Saat ini di Gaza terjadi kekurangan bahan bangunan dikarenakan blokade dari Israel sehingga pengadaan bahan bangunan menjadi sangat mahal dan memakan waktu lama. Karena kondisi ini, dua orang lulusan Islamic University of Gaza telah membuat inovasi baru, yaitu batu bata yang terbuat dari puing-puing peperangan. Solusi yang sangat terjangkau ini akan segera dibuat dalam skala besar.
Seperti dilansir dari Inhabitat, kedua orang yang membuat batu bata dari puing-puing peperangan tersebut adalah Majd Mashharai dan Rawan Abddlaht. Batu bata mereka yang buat termasuk kategori hijau.
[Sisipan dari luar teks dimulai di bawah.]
lemma phi_the_psi:
  assumes "V \<in> revSSYT" shows "phi (the (psi V)) = V"
proof -
  obtain T where T: "psi V = Some T" "T \<in> qKT1" "\<forall>c. fil_colset T c = tab_colset V c"
    using psi_revSSYT[OF assms] by blast
  have "phi T = V"
    by (rule revSSYT_eqI[OF phi_revSSYT[OF T(2)] assms]) (simp add: tab_colset_phi[OF T(2)] T(3))
  then show ?thesis using T(1) by simp
qed

lemma psi_phi:
  assumes T: "T \<in> qKT1" shows "psi (phi T) = Some T"
proof -
  define V where "V = phi T"
  have V: "V \<in> revSSYT" and colsets: "\<And>c. tab_colset V c = fil_colset T c"
    unfolding V_def by (rule phi_revSSYT[OF T], rule tab_colset_phi[OF T])
  have "length (T i) \<le> tab_width V" for i
    using tab_colset_beyond_width[of V "tab_width V"] colsets fil_colset_eq_empty_iff by simp
  moreover have "card {i. T i \<noteq> []} \<le> sum_list (map length V)"
    using card_tab_colset_0_le[OF V] colsets[of 0] fil_colset_0[OF T] by simp
  ultimately have "psi_aux (sum_list (map length V)) (map (fil_colset T) [0..<tab_width V]) = Some T"
    using psi_aux_fil_colsets[OF T] by blast
  then show ?thesis
    unfolding V_def[symmetric] psi_def tab_colsets_def colsets .
qed

theorem theorem5p8:
  shows "(\<forall>V \<in> revSSYT. \<exists>T. psi V = Some T \<and> T \<in> qKT1)
    \<and> bij_betw (\<lambda>V. the (psi V)) revSSYT qKT1
    \<and> (\<forall>V \<in> revSSYT. phi (the (psi V)) = V)
    \<and> (\<forall>T \<in> qKT1. phi T \<in> revSSYT \<and> the (psi (phi T)) = T)
    \<and> (\<forall>V \<in> revSSYT. \<forall>c. fil_colset (the (psi V)) c = tab_colset V c)
    \<and> (\<forall>T \<in> qKT1. \<forall>c. tab_colset (phi T) c = fil_colset T c)"
proof -
  have psi: "\<forall>V \<in> revSSYT. \<exists>T. psi V = Some T \<and> T \<in> qKT1 \<and> (\<forall>c. fil_colset T c = tab_colset V c)"
    using psi_revSSYT by blast
  have inverse: "\<forall>V \<in> revSSYT. phi (the (psi V)) = V" "\<forall>T \<in> qKT1. the (psi (phi T)) = T"
    by (simp_all add: phi_the_psi psi_phi)
  have "bij_betw (\<lambda>V. the (psi V)) revSSYT qKT1"
    by (rule bij_betw_byWitness[where f'=phi]) (use inverse psi phi_revSSYT in auto)
  then show ?thesis
    using psi inverse phi_revSSYT tab_colset_phi by fastforce
qed

end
Tujuannya adalah untuk membantu warga Gaza membangun rumah mereka kembali setelah ribuan bangunan hancur akibat tiga peperangan yang terjadi selama 10 tahun belakangan.
Majd mengatakan bahwa dia dan rekannya semakin tertarik pada ilmu material selama masa kuliah mereka, namun mereka tidak puas dengan bahan-bahan yang sudah dikembangkan saat itu. Mereka malah memutuskan untuk menciptakan sendiri batu bata menggunakan bahan yang ada di sekitar mereka sehingga bahan yang dihasilkan adalah bahan yang murah namun kuat. Saat ini, menurut mereka kebutuhan batu-bata di Gaza sekitar 40.000 buah per hari.
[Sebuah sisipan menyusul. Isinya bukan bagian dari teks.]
(* Assume $G$ is strongly connected and $r=1$ (neutral drift). Let $C\subseteq V$ and $t\ge 0$. If $P_{i,t|C}=P_{k,t|C}$ for all $i,k\in V$, then $P_{i,t|C}=F_C$ for all $i\in V$.
   Context: Let $G=(V,E)$ be a finite directed graph with $N=|V|$ vertices and a weight matrix $W=[w_{ij}]$ with $w_{ij}\ge 0$, $w_{ij}>0$ iff $(i,j)\in E$, and $\sum_j w_{ij}=1$ for every $i$. A configuration is a subset of $V$ (its elements are mutants, all other vertices residents). In the neutral-drift birth–death (Moran) process on $G$ started from configuration $C$ at time $0$, at each time step a vertex $i$ is selected uniformly at random (probability $1/N$), then a vertex $j$ is chosen with probability $w_{ij}$ and $j$ takes the type of $i$. $P_{i,t|C}$ is the probability that vertex $i$ is a mutant at time $t$; $P_{V,t|C}$ is the probability that all vertices are mutants at time $t$; the fixation probability is $F_C=\lim_{t\to\infty}P_{V,t|C}$. *)

theory Defs
  imports Complex_Main
begin

definition weight_matrix :: "'v set \<Rightarrow> ('v \<Rightarrow> 'v \<Rightarrow> real) \<Rightarrow> bool" where
  "weight_matrix V W \<longleftrightarrow> finite V \<and> (\<forall>i\<in>V. \<forall>j\<in>V. W i j \<ge> 0)
      \<and> (\<forall>i\<in>V. (\<Sum>j\<in>V. W i j) = 1)"

definition edges :: "'v set \<Rightarrow> ('v \<Rightarrow> 'v \<Rightarrow> real) \<Rightarrow> ('v \<times> 'v) set" where
  "edges V W = {(i,j). i \<in> V \<and> j \<in> V \<and> W i j > 0}"

definition strongly_connected :: "'v set \<Rightarrow> ('v \<Rightarrow> 'v \<Rightarrow> real) \<Rightarrow> bool" where
  "strongly_connected V W \<longleftrightarrow> (\<forall>i\<in>V. \<forall>j\<in>V. (i, j) \<in> (edges V W)\<^sup>*)"

text \<open>Result of vertex i reproducing onto vertex j: j takes the type of i.\<close>
definition update :: "'v set \<Rightarrow> 'v \<Rightarrow> 'v \<Rightarrow> 'v set" where
  "update A i j = (if i \<in> A then insert j A else A - {j})"

text \<open>One-step transition probability of the neutral (r = 1) birth-death Moran process.\<close>
definition moran_trans :: "'v set \<Rightarrow> ('v \<Rightarrow> 'v \<Rightarrow> real) \<Rightarrow> 'v set \<Rightarrow> 'v set \<Rightarrow> real" where
  "moran_trans V W A B =
     (\<Sum>i\<in>V. \<Sum>j\<in>V. (1 / real (card V)) * W i j * (if update A i j = B then 1 else 0))"

fun moran_dist :: "'v set \<Rightarrow> ('v \<Rightarrow> 'v \<Rightarrow> real) \<Rightarrow> 'v set \<Rightarrow> nat \<Rightarrow> 'v set \<Rightarrow> real" where
  "moran_dist V W C 0 B = (if B = C then 1 else 0)"
| "moran_dist V W C (Suc t) B = (\<Sum>A\<in>Pow V. moran_dist V W C t A * moran_trans V W A B)"

text \<open>P_{i,t|C}: probability that vertex i is a mutant at time t.\<close>
definition P_vertex :: "'v set \<Rightarrow> ('v \<Rightarrow> 'v \<Rightarrow> real) \<Rightarrow> 'v \<Rightarrow> nat \<Rightarrow> 'v set \<Rightarrow> real" where
  "P_vertex V W i t C = (\<Sum>A\<in>{A\<in>Pow V. i \<in> A}. moran_dist V W C t A)"

definition P_all :: "'v set \<Rightarrow> ('v \<Rightarrow> 'v \<Rightarrow> real) \<Rightarrow> nat \<Rightarrow> 'v set \<Rightarrow> real" where
  "P_all V W t C = moran_dist V W C t V"

definition fixation_prob :: "'v set \<Rightarrow> ('v \<Rightarrow> 'v \<Rightarrow> real) \<Rightarrow> 'v set \<Rightarrow> real" where
  "fixation_prob V W C = lim (\<lambda>t. P_all V W t C)"

end

theory Submission
  imports Defs
begin

text \<open>
  Under neutral drift each marginal obeys
  \<open>P\<^sub>j(s+1) = P\<^sub>j(s) + (1/N) \<Sum>\<^sub>i w\<^sub>i\<^sub>j (P\<^sub>i(s) - P\<^sub>j(s))\<close>,
  so marginals that agree at time \<open>t\<close> stay constant from then on. Moreover
  \<open>P\<^sub>V(s) \<le> P\<^sub>i(s) \<le> P\<^sub>V(s) + T(s)\<close>, where \<open>T(s)\<close> is the probability of a configuration
  other than \<open>{}\<close> and \<open>V\<close>. On a strongly connected graph every such configuration
  reaches \<open>V\<close> within \<open>N\<close> steps with probability at least \<open>\<delta>\<^sup>N\<close> (\<open>\<delta>\<close> the least
  single-step probability of spreading along an edge), so \<open>T\<close> decays geometrically and
  \<open>P\<^sub>V(s)\<close> converges to the common value of the marginals.
\<close>

lemma rtrancl_exit_edge:
  "(a, b) \<in> R\<^sup>* \<Longrightarrow> a \<in> A \<Longrightarrow> b \<notin> A \<Longrightarrow> \<exists>i j. i \<in> A \<and> j \<notin> A \<and> (i, j) \<in> R"
  by (induction rule: rtrancl_induct) blast+

lemma moran_trans_alt_def:
  "moran_trans V W A B = (\<Sum>i\<in>V. \<Sum>j\<in>V. W i j * of_bool (update A i j = B)) / real (card V)"
  unfolding moran_trans_def sum_divide_distrib by (intro sum.cong refl) simp

locale moran =
  fixes V :: "'v set" and W :: "'v \<Rightarrow> 'v \<Rightarrow> real"
  assumes weight_matrix: "weight_matrix V W" and nonempty: "V \<noteq> {}"
begin

lemma finite_V: "finite V"
  using weight_matrix by (simp add: weight_matrix_def)

lemma card_V_pos: "card V > 0"
  using finite_V nonempty by (simp add: card_gt_0_iff)

lemma W_nonneg: "i \<in> V \<Longrightarrow> j \<in> V \<Longrightarrow> W i j \<ge> 0"
  using weight_matrix by (simp add: weight_matrix_def)

lemma W_row_sum: "i \<in> V \<Longrightarrow> (\<Sum>j\<in>V. W i j) = 1"
  using weight_matrix by (simp add: weight_matrix_def)

lemma W_total_sum: "(\<Sum>i\<in>V. \<Sum>j\<in>V. W i j) = real (card V)"
  by (simp add: W_row_sum)

lemma update_subset: "A \<subseteq> V \<Longrightarrow> j \<in> V \<Longrightarrow> update A i j \<subseteq> V"
  by (auto simp: update_def)

lemma mem_update: "x \<in> update A i j \<longleftrightarrow> (if x = j then i \<in> A else x \<in> A)"
  by (auto simp: update_def)

lemma moran_trans_nonneg: "moran_trans V W A B \<ge> 0"
  unfolding moran_trans_def by (intro sum_nonneg) (auto simp: W_nonneg)

lemma moran_trans_eq_0: "A \<subseteq> V \<Longrightarrow> \<not> B \<subseteq> V \<Longrightarrow> moran_trans V W A B = 0"
  unfolding moran_trans_def by (intro sum.neutral ballI) (auto dest: update_subset[of A])

lemma moran_trans_expectation:
  assumes "A \<subseteq> V"
  shows "(\<Sum>B\<in>Pow V. moran_trans V W A B * f B)
           = (\<Sum>i\<in>V. \<Sum>j\<in>V. W i j * f (update A i j)) / real (card V)"
proof -
  have "(\<Sum>B\<in>Pow V. moran_trans V W A B * f B)
      = (\<Sum>i\<in>V. \<Sum>j\<in>V. \<Sum>B\<in>Pow V. W i j / real (card V) * (if update A i j = B then f B else 0))"
    unfolding moran_trans_def sum_distrib_right
    by (subst sum.swap, intro sum.cong refl, subst sum.swap, intro sum.cong refl) simp
  also have "\<dots> = (\<Sum>i\<in>V. \<Sum>j\<in>V. W i j / real (card V) * f (update A i j))"
  proof (intro sum.cong refl)
    fix i j assume "j \<in> V"
    then have "update A i j \<in> Pow V"
      using assms update_subset by blast
    then show "(\<Sum>B\<in>Pow V. W i j / real (card V) * (if update A i j = B then f B else 0))
        = W i j / real (card V) * f (update A i j)"
      using finite_V by (subst sum_distrib_left[symmetric]) (simp add: sum.delta)
  qed
  finally show ?thesis
    by (simp add: sum_divide_distrib)
qed

lemma moran_trans_sum: "A \<subseteq> V \<Longrightarrow> (\<Sum>B\<in>Pow V. moran_trans V W A B) = 1"
  using moran_trans_expectation[of A "\<lambda>_. 1"] W_total_sum card_V_pos by simp

lemma moran_trans_absorbing:
  assumes "A = {} \<or> A = V"
  shows "moran_trans V W A A = 1"
proof -
  have "\<And>i j. i \<in> V \<Longrightarrow> j \<in> V \<Longrightarrow> update A i j = A"
    using assms by (auto simp: update_def)
  then show ?thesis
    using W_total_sum card_V_pos by (simp add: moran_trans_alt_def)
qed

lemma moran_dist_nonneg: "moran_dist V W C n B \<ge> 0"
  by (induction n arbitrary: B) (auto intro!: sum_nonneg mult_nonneg_nonneg moran_trans_nonneg)

lemma moran_dist_eq_0: "C \<subseteq> V \<Longrightarrow> \<not> B \<subseteq> V \<Longrightarrow> moran_dist V W C n B = 0"
  by (induction n arbitrary: B) (auto intro!: sum.neutral simp: moran_trans_eq_0)

lemma moran_dist_sum: "C \<subseteq> V \<Longrightarrow> (\<Sum>B\<in>Pow V. moran_dist V W C n B) = 1"
proof (induction n)
  case 0
  then show ?case
    using finite_V by (simp add: sum.delta)
next
  case (Suc n)
  have "(\<Sum>B\<in>Pow V. moran_dist V W C (Suc n) B)
      = (\<Sum>A\<in>Pow V. moran_dist V W C n A * (\<Sum>B\<in>Pow V. moran_trans V W A B))"
    by (simp add: sum_distrib_left sum_distrib_right mult.assoc) (rule sum.swap)
  also have "\<dots> = (\<Sum>A\<in>Pow V. moran_dist V W C n A)"
    by (simp add: moran_trans_sum)
  finally show ?case
    using Suc by simp
qed

lemma moran_dist_add:
  assumes C: "C \<subseteq> V"
  shows "moran_dist V W C (s + n) B = (\<Sum>A\<in>Pow V. moran_dist V W C s A * moran_dist V W A n B)"
proof (induction n arbitrary: B)
  case 0
  show ?case
  proof (cases "B \<subseteq> V")
    case True
    then show ?thesis
      using finite_V by (simp add: if_distrib sum.delta' cong: if_cong)
  next
    case False
    then show ?thesis
      using C moran_dist_eq_0[of C B s] by (auto intro!: sum.neutral)
  qed
next
  case (Suc n)
  have "moran_dist V W C (s + Suc n) B
      = (\<Sum>A'\<in>Pow V. \<Sum>A\<in>Pow V. moran_dist V W C s A * moran_dist V W A n A' * moran_trans V W A' B)"
    using Suc by (simp add: sum_distrib_right)
  also have "\<dots> = (\<Sum>A\<in>Pow V. \<Sum>A'\<in>Pow V. moran_dist V W C s A * moran_dist V W A n A' * moran_trans V W A' B)"
    by (rule sum.swap)
  finally show ?case
    by (simp add: sum_distrib_left mult.assoc)
qed

lemma moran_dist_1:
  assumes "A \<subseteq> V"
  shows "moran_dist V W A 1 B = moran_trans V W A B"
proof -
  have "moran_dist V W A 1 B = (\<Sum>A'\<in>Pow V. if A' = A then moran_trans V W A' B else 0)"
    by (simp, intro sum.cong) auto
  also have "\<dots> = moran_trans V W A B"
    using assms finite_V by (simp add: sum.delta')
  finally show ?thesis .
qed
Di bulan Maret 2015, UNRWA (United Nations Relief and Works Agency) melaporkan bahwa “… 9.061 rumah di Palestina hancur total dan 5.066 rumah rusak parah, sementara 4.085 rumah rusak dan 120.333 rumah rusak ringan. Sementara itu, UNRWA hanya mendapatkan dana untuk membangun kembali 200 dari 9.061 rumah yang hancur total.” Blokade yang dilakukan Israel membuat proses rekonstruksi menjadi sangat sulit.
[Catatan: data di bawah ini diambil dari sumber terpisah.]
(* Invariance gives (phi o gamma) o Lambda_a = phi o tau = phi, so a gradient W of phi o gamma at
   Lambda_a x pulls back along the isometry Lambda_a to the gradient Lambda_a^* W of phi at x.
   Conversely, let v be a gradient of phi at x.  Replacing x by tau x = s x and v by s v we may
   assume tau x = x, and then Lambda_a x = Lambda_c x for some c.  As gamma is 1-Lipschitz,
   phi o gamma has the gradient Lambda_c v at Lambda_c x as soon as the scalar function
   Y |-> <gamma Y, v> has it.  Its upper first-order estimate comes from the majorisation
   <Y, Lambda_c q> <= <gamma Y, tau q> at q = x + eps v, with eps proportional to |Y - Lambda_c x|:
   the error terms involve a group element realising tau q, which almost fixes x, and the gradient
   of an invariant function is almost fixed by such elements.  The lower estimate is the upper one
   for -v.  Finally Lambda_a^* W = v and |W| = |v| force W = Lambda_a v. *)

section \<open>Frechet gradients of extended-real-valued functions\<close>

lemma has_frechet_gradient_iff_has_derivative:
  "has_frechet_gradient f x g \<longleftrightarrow>
     (\<forall>\<^sub>F z in nhds x. \<bar>f z\<bar> \<noteq> \<infinity>) \<and>
     ((\<lambda>z. real_of_ereal (f z)) has_derivative (\<lambda>h. inner h g)) (at x)"
proof -
  define q where "q = (\<lambda>z. \<bar>f z - f x - ereal (inner (z - x) g)\<bar> / ereal (norm (z - x)))"
  have gradient_iff: "has_frechet_gradient f x g \<longleftrightarrow> \<bar>f x\<bar> \<noteq> \<infinity> \<and> (q \<longlongrightarrow> 0) (at x)"
    by (simp add: has_frechet_gradient_def q_def)
  define Q where "Q = (\<lambda>z. \<bar>real_of_ereal (f z) - real_of_ereal (f x) - inner (z - x) g\<bar> / norm (z - x))"
  have q_finite: "q z = ereal (Q z)" if "\<bar>f z\<bar> \<noteq> \<infinity>" "\<bar>f x\<bar> \<noteq> \<infinity>" "z \<noteq> x" for z
    using that by (cases "f z"; cases "f x") (auto simp: q_def Q_def)
  have q_infinite: "q z = \<infinity>" if "\<bar>f z\<bar> = \<infinity>" "\<bar>f x\<bar> \<noteq> \<infinity>" "z \<noteq> x" for z
    using that by (cases "f z"; cases "f x") (auto simp: q_def)
  have derivative_iff: "((\<lambda>z. real_of_ereal (f z)) has_derivative (\<lambda>h. inner h g)) (at x) \<longleftrightarrow> (Q \<longlongrightarrow> 0) (at x)"
    by (simp add: has_derivative_iff_norm bounded_linear_inner_left Q_def)
  have q_tendsto_iff: "(q \<longlongrightarrow> 0) (at x) \<longleftrightarrow> (Q \<longlongrightarrow> 0) (at x)"
    if "\<forall>\<^sub>F z in nhds x. \<bar>f z\<bar> \<noteq> \<infinity>"
  proof -
    have "\<forall>\<^sub>F z in at x. q z = ereal (Q z)"
      unfolding eventually_at_filter
      using that by (rule eventually_mono) (use q_finite eventually_nhds_x_imp_x[OF that] in auto)
    then have "(q \<longlongrightarrow> 0) (at x) \<longleftrightarrow> ((\<lambda>z. ereal (Q z)) \<longlongrightarrow> ereal 0) (at x)"
      by (simp add: tendsto_cong zero_ereal_def)
    then show ?thesis by simp
  qed
  show ?thesis
  proof
    assume "has_frechet_gradient f x g"
    then have fx: "\<bar>f x\<bar> \<noteq> \<infinity>" and lim: "(q \<longlongrightarrow> 0) (at x)"
      by (simp_all add: gradient_iff)
    have "\<forall>\<^sub>F z in at x. q z < 1"
      using order_tendstoD(2)[OF lim] by simp
    then have "\<forall>\<^sub>F z in at x. \<bar>f z\<bar> \<noteq> \<infinity>"
      unfolding eventually_at_filter by (rule eventually_mono) (use q_infinite fx in force)
    then have finite: "\<forall>\<^sub>F z in nhds x. \<bar>f z\<bar> \<noteq> \<infinity>"
      using fx by (simp add: eventually_nhds_conv_at)
    with lim show "(\<forall>\<^sub>F z in nhds x. \<bar>f z\<bar> \<noteq> \<infinity>) \<and>
        ((\<lambda>z. real_of_ereal (f z)) has_derivative (\<lambda>h. inner h g)) (at x)"
      using q_tendsto_iff derivative_iff by blast
  next
    assume "(\<forall>\<^sub>F z in nhds x. \<bar>f z\<bar> \<noteq> \<infinity>) \<and>
        ((\<lambda>z. real_of_ereal (f z)) has_derivative (\<lambda>h. inner h g)) (at x)"
    then have finite: "\<forall>\<^sub>F z in nhds x. \<bar>f z\<bar> \<noteq> \<infinity>" and "(Q \<longlongrightarrow> 0) (at x)"
      using derivative_iff by blast+
    then show "has_frechet_gradient f x g"
      by (simp add: gradient_iff q_tendsto_iff[OF finite] eventually_nhds_x_imp_x[OF finite])
  qed
qed

lemma has_frechet_gradient_unique:
  assumes "has_frechet_gradient f x g1" and "has_frechet_gradient f x g2"
  shows "g1 = g2"
proof -
  have "(\<lambda>h. inner h g1) = (\<lambda>h. inner h g2)"
    using assms by (auto simp: has_frechet_gradient_iff_has_derivative intro: has_derivative_unique)
  then show ?thesis
    by (metis vector_eq_ldot)
qed

lemma frechet_gradient_eqI: "has_frechet_gradient f x g \<Longrightarrow> frechet_gradient f x = g"
  unfolding frechet_gradient_def by (blast intro: has_frechet_gradient_unique)

lemma frechet_differentiable_frechet_gradient:
  "frechet_differentiable f x \<Longrightarrow> has_frechet_gradient f x (frechet_gradient f x)"
  unfolding frechet_differentiable_def using frechet_gradient_eqI by metis

lemma eventually_nhds_compose_isCont:
  assumes "isCont h x" and "\<forall>\<^sub>F y in nhds (h x). P y"
  shows "\<forall>\<^sub>F z in nhds x. P (h z)"
proof -
  have "filterlim h (nhds (h x)) (nhds x)"
    using assms(1) by (simp add: continuous_at tendsto_at_iff_tendsto_nhds)
  with assms(2) show ?thesis
    by (simp add: filterlim_iff)
qed

lemma has_frechet_gradient_compose_linear:
  fixes L :: "'a::euclidean_space \<Rightarrow> 'b::euclidean_space"
  assumes L: "linear L" and grad: "has_frechet_gradient f (L x) W"
  shows "has_frechet_gradient (f \<circ> L) x (adjoint L W)"
proof -
  from grad have finite: "\<forall>\<^sub>F y in nhds (L x). \<bar>f y\<bar> \<noteq> \<infinity>"
    and deriv: "((\<lambda>y. real_of_ereal (f y)) has_derivative (\<lambda>h. inner h W)) (at (L x))"
    by (simp_all add: has_frechet_gradient_iff_has_derivative)
  have "isCont L x"
    using L by (simp add: linear_continuous_at linear_conv_bounded_linear)
  then have "\<forall>\<^sub>F z in nhds x. \<bar>f (L z)\<bar> \<noteq> \<infinity>"
    using finite by (rule eventually_nhds_compose_isCont)
  moreover have "((\<lambda>z. real_of_ereal (f (L z))) has_derivative (\<lambda>h. inner (L h) W)) (at x)"
    using has_derivative_compose[OF linear_imp_has_derivative[OF L] deriv] .
  moreover have "(\<lambda>h. inner (L h) W) = (\<lambda>h. inner h (adjoint L W))"
    using adjoint_works[OF L] by simp
  ultimately show ?thesis
    by (simp add: has_frechet_gradient_iff_has_derivative)
qed

lemma lin_isometry_inner:
  assumes "lin_isometry f" shows "inner (f a) (f b) = inner a b"
proof -
  have "linear f" and norm_f: "\<And>x. norm (f x) = norm x"
    using assms unfolding lin_isometry_def by auto
  then have "f a + f b = f (a + b)" by (simp add: linear_add)
  then show ?thesis using dot_norm[of "f a" "f b"] dot_norm[of a b] norm_f by simp
qed

lemma lin_isometry_apply_adjoint:
  fixes L :: "'a::euclidean_space \<Rightarrow> 'b::euclidean_space"
  assumes L: "lin_isometry L" and "norm (adjoint L W) = norm W"
  shows "L (adjoint L W) = W"
proof -
  have lin: "linear L" using L by (simp add: lin_isometry_def)
  let ?u = "adjoint L W"
  have "inner (W - L ?u) (W - L ?u) = inner W W - 2 * inner ?u ?u + inner (L ?u) (L ?u)"
    using adjoint_works[OF lin, of ?u W]
    by (simp add: inner_diff_left inner_diff_right inner_commute)
  also have "\<dots> = 0"
    using assms lin_isometry_inner[OF L] by (simp add: power2_norm_eq_inner[symmetric] lin_isometry_def)
  finally show ?thesis by simp
qed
Israel menyatakan bahwa blokade ini diperlukan untuk menekan Hamas, sebuah kelompok militan yang berkuasa di Jalur Gaza sejak tahun 2007. Dengan mencatat setiap butir semen yang masuk dan keluar di Gaza, lengkap dengan kordinat GPS terhadap bangunan yang akan dibangun, pasukan Israel bisa mencegah Hamas membangun terowongan-terowongan baru untuk menyelundupkan senjata. Namun pihak PBB menyebutkan bahwa blokade tersebut bertentangan dengan hukum kemanusiaan internasional.
Majd dan Rawan juga menaruh perhatian terhadap hasil sampingan dari pembakaran batubara, yang mereka sebutkan sebanyak 10 ton abu batubara dibuang di Gaza setiap minggunya dan mencemari sumber air tanah mereka. Selama berbulan-bulan mereka meneliti cara ntuk menggantikan batu dan pasir dengan abu batubara dan puing untuk dijadikan bata ringan.
Ironisnya, keduanya sering diragukan oleh komunitas mereka sendiri. Berkali-kali batu bata buatan mereka gagal dalam pengujian tekanan. “Setiap kali kami gagal, saya mengingatkan diri sendiri bahwa untuk mendapatkan keberhasilan, kami harus mengatasi tantangan ini dan menghapus kata gagal di kamus kami,” kata Majd.
Setelah lebih dari enam bulan proses perancangan batu bata tersebut, Majd berkata bahwa mereka akhirnya menemukan formula yang tepat. “Saat kami mendapatkan standar kekuatan minimum untuk bata pertama kali, saya sangat terkejut saking gembiranya. Mengetahui bahwa kami tinggal satu langkah lagi dalam mewujudkan mimpi ini, meninggalkan jejak dan membuat dunia ini menjadi tempat yang lebih baik untuk ditinggali serta mulai membangun kampung halaman saya, Gaza.”